First things first, we need to import necessary packages and download the datset. This is same as the previous postings, so you can skip and go on to the next section if you are already familiar with.

import re
import torch
import numpy as np
import torch.nn as nn
from matplotlib import pyplot as plt
from tqdm import tqdm

!wget https://www.manythings.org/anki/deu-eng.zip
!unzip deu-eng.zip

with open("deu.txt") as f:
  sentences = f.readlines()

# number of sentences
len(sentences)

Data processing

In processing the data, there is only one difference. We need to change the order of the source sequence. This can be easily accomplished by reversing each list in the input sentence.

First, we start with cleaning and tokenizing the text data.

NUM_INSTANCES = 50000
eng_sentences, deu_sentences = [], []
eng_words, deu_words = set(), set()
for i in tqdm(range(NUM_INSTANCES)):
  rand_idx = np.random.randint(len(sentences))
  # find only letters in sentences
  eng_sent, deu_sent = ["<sos>"], ["<sos>"]
  eng_sent += re.findall(r"\w+", sentences[rand_idx].split("\t")[0]) 
  deu_sent += re.findall(r"\w+", sentences[rand_idx].split("\t")[1])

  # change to lowercase
  eng_sent = [x.lower() for x in eng_sent]
  deu_sent = [x.lower() for x in deu_sent]
  eng_sent.append("<eos>")
  deu_sent.append("<eos>")

  # add parsed sentences
  eng_sentences.append(eng_sent)
  deu_sentences.append(deu_sent)

  # update unique words
  eng_words.update(eng_sent)
  deu_words.update(deu_sent)

eng_words, deu_words = list(eng_words), list(deu_words)

This is where we have to pay attention. We can reverse each source sequence with the reverse() function. This can be done after or before converting them into array of indices.

# encode each token into index
for i in tqdm(range(len(eng_sentences))):
  temp = [eng_words.index(x) for x in eng_sentences[i]]
  temp.reverse()
  eng_sentences[i] = temp
  deu_sentences[i] = [deu_words.index(x) for x in deu_sentences[i]]

Setting parameters

Parameters are also set to in a similar fashion.

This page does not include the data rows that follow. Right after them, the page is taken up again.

text \<open>The variety \<open>\<N>\<close> generated by N5 = the class of lattices satisfying every
  lattice identity that holds in N5 (Birkhoff's HSP theorem).\<close>

definition in_var_N5 :: "'a::lattice itself \<Rightarrow> bool" where
  "in_var_N5 _ \<longleftrightarrow>
     (\<forall>s t :: nat lterm.
        (\<forall>\<rho> :: nat \<Rightarrow> n5. eval_with n5_join n5_meet \<rho> s = eval_with n5_join n5_meet \<rho> t)
        \<longrightarrow> (\<forall>\<rho> :: nat \<Rightarrow> 'a. eval_with sup inf \<rho> s = eval_with sup inf \<rho> t))"

inductive lat_eq :: "'x lterm \<Rightarrow> 'x lterm \<Rightarrow> bool" where
  refl: "lat_eq s s"
| sym: "lat_eq s t \<Longrightarrow> lat_eq t s"
| trans: "lat_eq s t \<Longrightarrow> lat_eq t u \<Longrightarrow> lat_eq s u"
| cong_join: "lat_eq s s' \<Longrightarrow> lat_eq t t' \<Longrightarrow> lat_eq (Join s t) (Join s' t')"
| cong_meet: "lat_eq s s' \<Longrightarrow> lat_eq t t' \<Longrightarrow> lat_eq (Meet s t) (Meet s' t')"
| join_idem: "lat_eq (Join s s) s"
| meet_idem: "lat_eq (Meet s s) s"
| join_comm: "lat_eq (Join s t) (Join t s)"
| meet_comm: "lat_eq (Meet s t) (Meet t s)"
| join_assoc: "lat_eq (Join (Join s t) u) (Join s (Join t u))"
| meet_assoc: "lat_eq (Meet (Meet s t) u) (Meet s (Meet t u))"
| absorb1: "lat_eq (Join s (Meet s t)) s"
| absorb2: "lat_eq (Meet s (Join s t)) s"

text \<open>The free lattice FL(X) on the generator set X = UNIV :: 'x set is the quotient
  of \<open>'x lterm\<close> by \<open>lat_eq\<close>. A lattice embedding of 'a into FL('x) is given via
  representatives: injective modulo \<open>lat_eq\<close> and preserving joins and meets.\<close>

definition embeds_in_free_lattice :: "('a::lattice \<Rightarrow> 'x lterm) \<Rightarrow> bool" where
  "embeds_in_free_lattice h \<longleftrightarrow>
     (\<forall>x y. lat_eq (h x) (h y) \<longrightarrow> x = y) \<and>
     (\<forall>x y. lat_eq (h (sup x y)) (Join (h x) (h y))) \<and>
     (\<forall>x y. lat_eq (h (inf x y)) (Meet (h x) (h y)))"

definition sublattice_of :: "'a::lattice set \<Rightarrow> 'a set \<Rightarrow> bool" where
  "sublattice_of S K \<longleftrightarrow> S \<subseteq> K \<and> (\<forall>x\<in>S. \<forall>y\<in>S. sup x y \<in> S \<and> inf x y \<in> S)"

definition convex_in :: "'a::lattice set \<Rightarrow> 'a set \<Rightarrow> bool" where
  "convex_in S K \<longleftrightarrow> S \<subseteq> K \<and> (\<forall>x\<in>S. \<forall>z\<in>S. \<forall>y\<in>K. x \<le> y \<and> y \<le> z \<longrightarrow> y \<in> S)"

definition distrib_set :: "'a::lattice set \<Rightarrow> bool" where
  "distrib_set S \<longleftrightarrow> (\<forall>x\<in>S. \<forall>y\<in>S. \<forall>z\<in>S. inf x (sup y z) = sup (inf x y) (inf x z))"

definition convex_distrib_sublattice :: "'a::lattice set \<Rightarrow> 'a set \<Rightarrow> bool" where
  "convex_distrib_sublattice S K \<longleftrightarrow> sublattice_of S K \<and> convex_in S K \<and> distrib_set S"

definition is_partition :: "'a set set \<Rightarrow> 'a set \<Rightarrow> bool" where
  "is_partition \<F> K \<longleftrightarrow> \<Union>\<F> = K \<and> {} \<notin> \<F> \<and>
     (\<forall>F1\<in>\<F>. \<forall>F2\<in>\<F>. F1 \<noteq> F2 \<longrightarrow> F1 \<inter> F2 = {})"

definition distributive_partition :: "'a::lattice set set \<Rightarrow> 'a set \<Rightarrow> bool" where
  "distributive_partition \<F> K \<longleftrightarrow> is_partition \<F> K \<and>
     (\<forall>F\<in>\<F>. convex_distrib_sublattice F K) \<and>
     (\<forall>F1\<in>\<F>. \<forall>F2\<in>\<F>. F1 \<noteq> F2 \<longrightarrow>
        \<not> sublattice_of (F1 \<union> F2) K \<or> \<not> convex_in (F1 \<union> F2) K \<or>
        convex_distrib_sublattice (F1 \<union> F2) K)"

text \<open>\<open>Dec(K) \<le> |S|\<close>: since Dec(K) is the least cardinality of a distributive
  partition, this means some distributive partition of K injects into S.\<close>

definition Dec_le :: "'a::lattice set \<Rightarrow> 'b set \<Rightarrow> bool" where
  "Dec_le K S \<longleftrightarrow> (\<exists>\<F>. distributive_partition \<F> K \<and> (\<exists>f. inj_on f \<F> \<and> f ` \<F> \<subseteq> S))"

Nonetheless, we have to add additional parameter, which determines the number of layers in LSTM. In the paper, they propose four-layer LSTM and we follow it. However, you can surely tune this according to the size of the dataset and computing resource you have.

MAX_SENT_LEN = len(max(eng_sentences, key = len))
ENG_VOCAB_SIZE = len(eng_words)
DEU_VOCAB_SIZE = len(deu_words)
NUM_EPOCHS = 10
HIDDEN_SIZE = 128
EMBEDDING_DIM = 30
NUM_LAYERS = 4
DEVICE = torch.device('cuda') 

Encoder and Decoder

The encoder and decoder are also similarly defined, having additional parameter of num_layers, which indicates the number of layers in each LSTM.

class Encoder(nn.Module):
  def __init__(self, vocab_size, hidden_size, embedding_dim, num_layers):
    super(Encoder, self).__init__()
    self.hidden_size = hidden_size
    self.num_layers = num_layers

    self.embedding = nn.Embedding(vocab_size, embedding_dim)
    self.lstm = nn.LSTM(embedding_dim, hidden_size, num_layers)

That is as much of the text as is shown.